(* Fix $n\ge1$. The map $\Psi\colon\mathrm{MAD}(c^\times)\to\overline{\mathcal{M}}_{n+1}$ is a bijection.
   Context: Place points $1,\ldots,n+1$ left to right on a horizontal line. An arc is a curve from a point $i$ to a point $j>i$ moving monotonically rightward and passing above or below each of $i+1,\ldots,j-1$; arcs are identified if they have the same endpoints and pass above the same points. A noncrossing arc diagram is a set of arcs that can be drawn so that no two share a left endpoint, no two share a right endpoint, and no two cross in their interiors. An arc from $i$ to $j$ is $c^\times$-sortable if, for each $k$ with $i<k<j$, it passes above $k$ when $k$ is odd and below $k$ when $k$ is even. $\mathrm{MAD}(c^\times)$ is the set of noncrossing arc diagrams consisting of $c^\times$-sortable arcs that are maximal under inclusion among such diagrams. For $\delta\in\mathrm{MAD}(c^\times)$, $\Psi(\delta)=\mathtt{M}_1\cdots\mathtt{M}_{n+1}$ where $\mathtt{M}_i=\mathtt{U}$ if $i\le n$ and $i+1$ is not the right endpoint of an arc of $\delta$; $\mathtt{M}_i=\mathtt{D}$ if $i\ge2$ and $i-1$ is not the left endpoint of an arc of $\delta$; and $\mathtt{M}_i=\mathtt{H}$ otherwise. A Motzkin path of length $m$ is a word in $\mathtt{U},\mathtt{D},\mathtt{H}$ of length $m$ with equally many $\mathtt{U}$'s and $\mathtt{D}$'s and every prefix having at least as many $\mathtt{U}$'s as $\mathtt{D}$'s. A peak is a consecutive $\mathtt{U}\mathtt{D}$; its height is $\#_\mathtt{U}(P)-\#_\mathtt{D}(P)$ for $P$ the prefix ending with that $\mathtt{U}$. $\overline{\mathcal{M}}_m$ is the set of Motzkin paths of length $m$ with no peak of height $1$. (It is known that $\Psi(\delta)\in\overline{\mathcal{M}}_{n+1}$ for every $\delta\in\mathrm{MAD}(c^\times)$.) *)

theory Defs
  imports Main
begin

text \<open>An arc on the points 1..N is a triple (i, j, A): left endpoint i, right endpoint j,
  and A = the set of interior points k (i < k < j) that the arc passes ABOVE
  (it passes below the remaining interior points).\<close>
type_synonym arc = "nat \<times> nat \<times> nat set"

definition left_end :: "arc \<Rightarrow> nat" where "left_end a = fst a"
definition right_end :: "arc \<Rightarrow> nat" where "right_end a = fst (snd a)"
definition above_set :: "arc \<Rightarrow> nat set" where "above_set a = snd (snd a)"

definition is_arc :: "nat \<Rightarrow> arc \<Rightarrow> bool" where
  "is_arc N a \<longleftrightarrow> 1 \<le> left_end a \<and> left_end a < right_end a \<and> right_end a \<le> N
     \<and> above_set a \<subseteq> {left_end a<..<right_end a}"

definition pos :: "arc \<Rightarrow> nat \<Rightarrow> int" where
  "pos a k = (if k = left_end a \<or> k = right_end a then 0
              else if k \<in> above_set a then 1 else -1)"

text \<open>Two arcs cross (cannot be drawn without an interior crossing) iff on the common closed
  interval of their endpoints one is strictly above the other at some point and strictly
  below it at another point.\<close>
definition arcs_cross :: "arc \<Rightarrow> arc \<Rightarrow> bool" where
  "arcs_cross a b \<longleftrightarrow>
    (\<exists>k \<in> {max (left_end a) (left_end b) .. min (right_end a) (right_end b)}.
     \<exists>k' \<in> {max (left_end a) (left_end b) .. min (right_end a) (right_end b)}.
       pos a k > pos b k \<and> pos a k' < pos b k')"

definition noncrossing_diagram :: "nat \<Rightarrow> arc set \<Rightarrow> bool" where
  "noncrossing_diagram N \<delta> \<longleftrightarrow>
     (\<forall>a \<in> \<delta>. is_arc N a) \<and>
     (\<forall>a \<in> \<delta>. \<forall>b \<in> \<delta>. a \<noteq> b \<longrightarrow>
        left_end a \<noteq> left_end b \<and> right_end a \<noteq> right_end b \<and> \<not> arcs_cross a b)"

definition sortable :: "arc \<Rightarrow> bool" where
  "sortable a \<longleftrightarrow> above_set a = {k \<in> {left_end a<..<right_end a}. odd k}"

definition MAD :: "nat \<Rightarrow> arc set set" where
  "MAD n = {\<delta>. noncrossing_diagram (n+1) \<delta> \<and> (\<forall>a \<in> \<delta>. sortable a) \<and>
     (\<forall>\<delta>'. noncrossing_diagram (n+1) \<delta>' \<and> (\<forall>a \<in> \<delta>'. sortable a) \<and> \<delta> \<subseteq> \<delta>' \<longrightarrow> \<delta>' = \<delta>)}"

datatype step = U | D | H

definition Psi :: "nat \<Rightarrow> arc set \<Rightarrow> step list" where
  "Psi n \<delta> = map (\<lambda>i.
      if i \<le> n \<and> (i+1) \<notin> right_end ` \<delta> then U
      else if 2 \<le> i \<and> (i-1) \<notin> left_end ` \<delta> then D
      else H) [1..<n+2]"

definition cnt :: "step \<Rightarrow> step list \<Rightarrow> int" where
  "cnt s w = int (length (filter (\<lambda>x. x = s) w))"

definition motzkin :: "nat \<Rightarrow> step list \<Rightarrow> bool" where
  "motzkin m w \<longleftrightarrow> length w = m \<and> cnt U w = cnt D w \<and>
     (\<forall>p \<le> length w. cnt U (take p w) \<ge> cnt D (take p w))"

definition has_peak_height :: "int \<Rightarrow> step list \<Rightarrow> bool" where
  "has_peak_height h w \<longleftrightarrow> (\<exists>p. p + 1 < length w \<and> w ! p = U \<and> w ! (p+1) = D \<and>
     cnt U (take (p+1) w) - cnt D (take (p+1) w) = h)"

definition Mbar :: "nat \<Rightarrow> step list set" where
  "Mbar m = {w. motzkin m w \<and> \<not> has_peak_height 1 w}"

end

theory Submission
  imports Defs
begin

(* A c-cross-sortable arc is determined by its endpoints, and for i < k the sortable arcs (i, j)
   and (k, l) cross exactly when they interleave (k < j < l) with k + j even, or nest (l < j) with
   k + l odd. Hence a sortable noncrossing diagram is determined by its sets L of left ends and R
   of right ends, Psi depends only on (L, R), and maximality means: a is in L or a + 2 is in R,
   and every gap [a, a + 1] contains an end or lies under an arc.
   Under the first condition the height of Psi after p steps is 1 + #(L up to p - 1) - #(R up to
   p + 1). Counting arcs shows that it is nonnegative and ends at 0, and a peak of height 1 at p
   would leave the gap [p, p + 1] uncovered. The steps recover L and R, so Psi is injective.
   Conversely, the end sets read off a path in Mbar satisfy a ballot condition; matching the right
   ends from left to right with open left ends chosen by parity gives a noncrossing sortable
   diagram with these ends, which is maximal because every peak has height at least 2. *)

section \<open>Sortable arcs\<close>

definition sortable_arc :: "nat \<Rightarrow> nat \<Rightarrow> arc" where
  "sortable_arc i j = (i, j, {k \<in> {i<..<j}. odd k})"

lemma sortable_arc_simps [simp]:
  "left_end (sortable_arc i j) = i"
  "right_end (sortable_arc i j) = j"
  "above_set (sortable_arc i j) = {k \<in> {i<..<j}. odd k}"
  by (simp_all add: sortable_arc_def left_end_def right_end_def above_set_def)

lemma sortable_sortable_arc [simp]: "sortable (sortable_arc i j)"
  by (simp add: sortable_def)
###
_Task directions_. As listed above, the lines from the line with "k + l odd. Hence" to the line with "and every gap" are to be echoed exactly, with both ends included and nothing added.

_Reply to the task_.
   k + l odd. Hence a sortable noncrossing diagram is determined by its sets L of left ends and R
   of right ends, Psi depends only on (L, R), and maximality means: a is in L or a + 2 is in R,
   and every gap [a, a + 1] contains an end or lies under an arc.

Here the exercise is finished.